Gay Rights 2013: Why This Year is Going to Be Pivotal

Impact

When Barack Obama mentioned the Stonewall protests in his inaugural address last week, he did more than place gay rights in the same breath as the struggles for women’s equality (his mention of the Seneca Falls convention) and desegregation (his mention of the Selma marches). He also, knowingly or otherwise, foreshadowed the pivotal role the year 2013 will play in the history of that movement.
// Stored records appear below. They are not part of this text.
theorem lemma2:
  fixes \<beta> \<gamma> \<delta> :: real and n' n'' :: "nat \<Rightarrow> nat"
  assumes "\<beta> > 0" and "\<gamma> > 0" and "\<delta> > 0"
    and "eventually (\<lambda>n. n' n > 0 \<and> n'' n > 0 \<and>
            real (n' n) \<le> of_int \<lfloor>\<beta> * real n\<rfloor> \<and> n'' n \<le> n) at_top"
    and "((\<lambda>n. real (n' n) / real n) \<longlongrightarrow> \<beta>) at_top"
    and "((\<lambda>n. real (n'' n) / real n) \<longlongrightarrow> 1) at_top"
  shows "\<exists>C>0. \<exists>N0::nat. \<forall>n\<ge>N0. \<forall>k::nat\<ge>1.
           measure_pmf.prob (iid_sum_pmf k (D_pmf (n' n) (n'' n) (\<gamma> / real n)))
              {x. real x \<ge> (1 + \<delta>) * (\<beta> * \<gamma>\<^sup>2) * real k} \<le> exp (- C * real k)
         \<and> measure_pmf.prob (iid_sum_pmf k (D_pmf (n' n) (n'' n) (\<gamma> / real n)))
              {x. real x \<le> (1 - \<delta>) * (\<beta> * \<gamma>\<^sup>2) * real k} \<le> exp (- C * real k)"
proof -
  let ?L = "(1 - \<delta> / 2) * (\<beta> * \<gamma>\<^sup>2)"
  obtain C1 where C1: "C1 > 0" and upper: "\<And>m N p k. sparse_regime \<beta> \<gamma> ?L m N p \<Longrightarrow>
      measure_pmf.prob (iid_sum_pmf k (D_pmf m N p))
        {x. real x \<ge> (1 + \<delta>) * (\<beta> * \<gamma>\<^sup>2) * real k} \<le> exp (- C1 * real k)"
    using upper_tail_bound[OF assms(1-3)] by blast
  obtain C2 where C2: "C2 > 0" and lower: "\<And>m N p k. sparse_regime \<beta> \<gamma> ?L m N p \<Longrightarrow>
      measure_pmf.prob (iid_sum_pmf k (D_pmf m N p))
        {x. real x \<le> (1 - \<delta>) * (\<beta> * \<gamma>\<^sup>2) * real k} \<le> exp (- C2 * real k)"
    using lower_tail_bound[OF assms(1-3)] by blast
  obtain N0 where N0: "\<And>n. n \<ge> N0 \<Longrightarrow> sparse_regime \<beta> \<gamma> ?L (n' n) (n'' n) (\<gamma> / real n)"
    using eventually_sparse_regime[OF assms] unfolding eventually_at_top_linorder by blast
  have weaker: "exp (- C * real k) \<le> exp (- min C1 C2 * real k)" if "C \<in> {C1, C2}" for C k
    using that by (auto intro: mult_right_mono)
  show ?thesis
    using C1 C2 N0 order.trans[OF upper weaker] order.trans[OF lower weaker]
    by (intro exI[of _ "min C1 C2"] conjI exI[of _ N0]) auto
qed

end
lemma ghost_sample_deviation_ge:
  fixes M :: "'a measure" and g :: "'a \<Rightarrow> real"
  assumes M: "prob_space M" and g: "g \<in> borel_measurable M"
    and g_bounds: "\<And>x. x \<in> space M \<Longrightarrow> 0 \<le> g x \<and> g x \<le> 1"
    and n: "n > 0" and s: "s \<ge> 0" and ghost: "2 * exp (- real n * s\<^sup>2 / 2) \<le> 1 / 2"
    and dev: "real n * s \<le> \<bar>a - real n * (\<integral>x. g x \<partial>M)\<bar>"
  shows "1 / 2 \<le> measure (PiM {n..<2 * n} (\<lambda>_. M))
    {D' \<in> space (PiM {n..<2 * n} (\<lambda>_. M)). real n * s / 2 \<le> \<bar>a - (\<Sum>j\<in>{n..<2 * n}. g (D' j))\<bar>}"
proof -
  let ?J = "{n..<2 * n}"
  interpret PJ: prob_space "PiM ?J (\<lambda>_. M)"
    using M by (intro prob_space_PiM) auto
  have [measurable]: "(\<lambda>D. g (D j)) \<in> borel_measurable (PiM ?J (\<lambda>_. M))" if "j \<in> ?J" for j
    by (rule measurable_compose[OF measurable_component_singleton[OF that] g])
  define Bad where "Bad = {D' \<in> space (PiM ?J (\<lambda>_. M)).
    real n * s / 2 \<le> \<bar>(\<Sum>j\<in>?J. g (D' j)) - real (card ?J) * (\<integral>x. g x \<partial>M)\<bar>}"
  have "PJ.prob Bad \<le> 2 * exp (- 2 * (real n * s / 2)\<^sup>2 / real (card ?J))"
    unfolding Bad_def using n g_bounds s by (intro prob_PiM_sum_deviation_ge[OF M g]) auto
  also have "- 2 * (real n * s / 2)\<^sup>2 / real (card ?J) = - real n * s\<^sup>2 / 2"
    using n by (simp add: power2_eq_square field_simps)
  finally have "1 / 2 \<le> PJ.prob (space (PiM ?J (\<lambda>_. M)) - Bad)"
    using ghost by (simp add: PJ.prob_compl Bad_def)
  also have "\<dots> \<le> PJ.prob {D' \<in> space (PiM ?J (\<lambda>_. M)). real n * s / 2 \<le> \<bar>a - (\<Sum>j\<in>?J. g (D' j))\<bar>}"
  proof (rule PJ.finite_measure_mono[OF subsetI])
    show "{D' \<in> space (PiM ?J (\<lambda>_. M)). real n * s / 2 \<le> \<bar>a - (\<Sum>j\<in>?J. g (D' j))\<bar>} \<in> PJ.events"
      by measurable
  next
    fix D' assume "D' \<in> space (PiM ?J (\<lambda>_. M)) - Bad"
    then have "D' \<in> space (PiM ?J (\<lambda>_. M))"
      and "\<bar>(\<Sum>j\<in>?J. g (D' j)) - real n * (\<integral>x. g x \<partial>M)\<bar> < real n * s / 2"
      by (auto simp: Bad_def)
    moreover have "real n * s / 2 \<le> \<bar>a - (\<Sum>j\<in>?J. g (D' j))\<bar>"
      using calculation(2) dev by linarith
    ultimately show "D' \<in> {D' \<in> space (PiM ?J (\<lambda>_. M)). real n * s / 2 \<le> \<bar>a - (\<Sum>j\<in>?J. g (D' j))\<bar>}"
      by blast
  qed
  finally show ?thesis .
qed

lemma symmetrization:
  fixes M :: "'a measure" and G :: "'k::countable \<Rightarrow> 'a \<Rightarrow> real"
  assumes M: "prob_space M" and G: "\<And>k. G k \<in> borel_measurable M"
    and G_bounds: "\<And>k x. x \<in> space M \<Longrightarrow> 0 \<le> G k x \<and> G k x \<le> 1"
    and n: "n > 0" and s: "s \<ge> 0" and ghost: "2 * exp (- real n * s\<^sup>2 / 2) \<le> 1 / 2"
  shows "measure (PiM {..<n} (\<lambda>_. M)) {D \<in> space (PiM {..<n} (\<lambda>_. M)).
             \<exists>k. \<bar>(\<Sum>i<n. G k (D i)) - real n * (\<integral>x. G k x \<partial>M)\<bar> \<ge> real n * s}
         \<le> 2 * measure (PiM {..<2 * n} (\<lambda>_. M)) {Z \<in> space (PiM {..<2 * n} (\<lambda>_. M)).
             \<exists>k. \<bar>(\<Sum>i<n. G k (Z i)) - (\<Sum>i<n. G k (Z (n + i)))\<bar> \<ge> real n * s / 2}"
    (is "measure _ ?A \<le> 2 * measure _ ?B")
proof -
  let ?I = "{..<n}" and ?J = "{n..<2 * n}"
  have IJ: "?I \<union> ?J = {..<2 * n}" by auto
  have [measurable]: "(\<lambda>D. G k (D i)) \<in> borel_measurable (PiM K (\<lambda>_. M))" if "i \<in> K" for k i K
    by (rule measurable_compose[OF measurable_component_singleton[OF that] G])
  have B_sets: "?B \<in> sets (PiM (?I \<union> ?J) (\<lambda>_. M))"
    unfolding IJ by measurable
  have "1 / 2 * measure (PiM ?I (\<lambda>_. M)) ?A \<le> measure (PiM (?I \<union> ?J) (\<lambda>_. M)) ?B"
  proof (rule measure_PiM_merge_sections_ge[OF M _ _ _ _ B_sets])
    show "?A \<in> sets (PiM ?I (\<lambda>_. M))"
      by measurable
    fix D assume "D \<in> ?A"
    then obtain k where D: "D \<in> space (PiM ?I (\<lambda>_. M))"
      and k: "real n * s \<le> \<bar>(\<Sum>i<n. G k (D i)) - real n * (\<integral>x. G k x \<partial>M)\<bar>"
      by blast
    have "1 / 2 \<le> measure (PiM ?J (\<lambda>_. M)) {D' \<in> space (PiM ?J (\<lambda>_. M)).
        real n * s / 2 \<le> \<bar>(\<Sum>i<n. G k (D i)) - (\<Sum>j\<in>?J. G k (D' j))\<bar>}"
      by (rule ghost_sample_deviation_ge[OF M G _ n s ghost k]) (use G_bounds in auto)
    also have "\<dots> \<le> measure (PiM ?J (\<lambda>_. M)) {D' \<in> space (PiM ?J (\<lambda>_. M)). merge ?I ?J (D, D') \<in> ?B}"
    proof (rule finite_measure.finite_measure_mono[OF _ subsetI])
      show "finite_measure (PiM ?J (\<lambda>_. M))"
        using prob_space_PiM[of ?J "\<lambda>_. M"] M by (simp add: prob_space_def)
      show "{D' \<in> space (PiM ?J (\<lambda>_. M)). merge ?I ?J (D, D') \<in> ?B} \<in> sets (PiM ?J (\<lambda>_. M))"
        using D B_sets by (rule sets_PiM_merge_section)
    next
      fix D' assume D': "D' \<in> {D' \<in> space (PiM ?J (\<lambda>_. M)).
        real n * s / 2 \<le> \<bar>(\<Sum>i<n. G k (D i)) - (\<Sum>j\<in>?J. G k (D' j))\<bar>}"
      have "merge ?I ?J (D, D') \<in> space (PiM {..<2 * n} (\<lambda>_. M))"
        using measurable_space[OF measurable_merge, of "(D, D')" ?I "\<lambda>_. M" ?J] D D'
        unfolding IJ by (simp add: space_pair_measure)
      moreover have "(\<Sum>i<n. G k (merge ?I ?J (D, D') i)) = (\<Sum>i<n. G k (D i))"
        by (rule sum.cong) (auto simp: merge_def)
      moreover have "(\<Sum>i<n. G k (merge ?I ?J (D, D') (n + i))) = (\<Sum>j\<in>?J. G k (D' j))"
        unfolding sum_upper_half by (rule sum.cong) (auto simp: merge_def)
      ultimately show "D' \<in> {D' \<in> space (PiM ?J (\<lambda>_. M)). merge ?I ?J (D, D') \<in> ?B}"
        using D' by (auto intro!: exI[of _ k])
    qed
    finally show "1 / 2 \<le> measure (PiM ?J (\<lambda>_. M))
        {D' \<in> space (PiM ?J (\<lambda>_. M)). merge ?I ?J (D, D') \<in> ?B}" .
  qed auto
  then show ?thesis
    unfolding IJ by simp
qed

section \<open>Uniform deviation bound\<close>

definition swap_pairs :: "nat \<Rightarrow> nat set \<Rightarrow> nat \<Rightarrow> nat" where
  "swap_pairs n S j = (if j \<in> S then n + j else if n \<le> j \<and> j - n \<in> S then j - n else j)"

lemma swap_pairs_swap_pairs: "S \<subseteq> {..<n} \<Longrightarrow> swap_pairs n S (swap_pairs n S j) = j"
  by (auto simp: swap_pairs_def)

lemma swap_pairs_less: "S \<subseteq> {..<n} \<Longrightarrow> j < 2 * n \<Longrightarrow> swap_pairs n S j < 2 * n"
  by (auto simp: swap_pairs_def)

lemma swap_pairs_measurable:
  "S \<subseteq> {..<n} \<Longrightarrow> (\<lambda>Z. \<lambda>j\<in>{..<2 * n}. Z (swap_pairs n S j)) \<in> PiM {..<2 * n} (\<lambda>_. M) \<rightarrow>\<^sub>M PiM {..<2 * n} (\<lambda>_. M)"
  by (intro measurable_restrict measurable_component_singleton) (simp add: swap_pairs_less)

lemma distr_PiM_swap_pairs:
  assumes M: "prob_space M" and S: "S \<subseteq> {..<n}"
  shows "distr (PiM {..<2 * n} (\<lambda>_. M)) (PiM {..<2 * n} (\<lambda>_. M)) (\<lambda>Z. \<lambda>j\<in>{..<2 * n}. Z (swap_pairs n S j))
    = PiM {..<2 * n} (\<lambda>_. M)"
proof -
  have "inj_on (swap_pairs n S) {..<2 * n}"
    by (metis inj_onI swap_pairs_swap_pairs[OF S])
  then show ?thesis
    using distr_PiM_reindex[of "{..<2 * n}" "\<lambda>_. M" "swap_pairs n S" "{..<2 * n}"] M S
    by (simp add: swap_pairs_less)
qed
The main reason for this is that, starting in two months, pivotal gay rights cases are slated to be argued before the Supreme Court. These include:

1. In Hollingsworth v. Perry, the Supreme Court will need to determine the constitutionality of a decision by a California district court to overturn Proposition 8, a ballot measure in that state which banned gay marriage.

2. In United States v. Windsor, the Supreme Court will need to determine the constitutionality of Section 3 of the Defense of Marriage Act (DOMA), which defines marriage as “a legal union between one man and one woman” and spouse as “a person of the opposite sex who is a husband or a wife.”

From a constitutional standpoint, the various questions at play in each of these cases are pretty cut-and-dried. Although supporters of Proposition 8 claim that the California district court had no right overturning a referendum that had been supported by a majority of that state’s voters, Judge Vaughn Walker had been absolutely correct when he wrote that while “an initiative measure adopted by the voters deserves great respect,” it is essential that “the voters’ determinations must find at least some support in evidence,” instead of being primarily rooted in “conjecture, speculation and fears” or “the moral disapprobation of a group or class of citizens.” As Thomas Jefferson famously explained in his first inaugural address, “though the will of the majority is in all cases to prevail, that will, to be rightful, must be reasonable; that the minority possess their equal rights, which equal laws must protect, and to violate which would be oppression.”

Similarly, the central issue involved in the DOMA case is the right to equal protection under the law. Although the Fifth Amendment guarantees that no citizen “be deprived of life, liberty, or property, without due process of law,” Section 3 of DOMA discriminates against consenting adults who enter homosexual relationships by denying them certain benefits to which they as taxpaying citizens would be otherwise entitled (such as Social Security survivor payments and the right to file joint federal tax returns).

If nothing else, DOMA is guilty of infringing on the proper sovereignty of local governments. While no majority, local or federal, has the authority to limit the rights of minorities (as explained above), constitutional precedent clearly establishes that matters such as marital law fall under the purview of the states. Yet, as Judge Barbara Jones pointed out in a New York district court’s ruling on DOMA, that law intrudes "upon the states' business of regulating domestic relations."

Even if constitutional correctness wasn’t enough to advance the gay rights cause in this year’s Supreme Court session, the ideological habits of the justices themselves are quite auspicious. Few doubt that the four liberal judges (Ruth Bader Ginsburg, Stephen Breyer, Sonia Sotomayor, and Elena Kagan) will rule against Proposition 8 and Section 3 of DOMA. Less well known, however, is the fact that two of the conservative judges have similar inclinations against anti-homosexual measures. From Chief Justice John Roberts working behind the scenes as a pro bono advocate of gay rights during his years as an associate at a prominent Washington law firm to Judge Anthony Kennedy writing key decisions in similar cases that have appeared before the federal bench, there is every reason to believe that advocates of legal equality for homosexuals will be able to find a majority of judges to support their position.

This is very fortunate, since if there is one issue where liberals and conservatives should be able to unite, it is this one. In the words of Barry Goldwater, the 1964 Republican presidential candidate who is widely recognized as the founder of modern conservatism:

"The big thing is to make this country, along with every other country in the world with a few exceptions, quit discriminating against people just because they're gay. You don't have to agree with it, but they have a constitutional right to be gay.”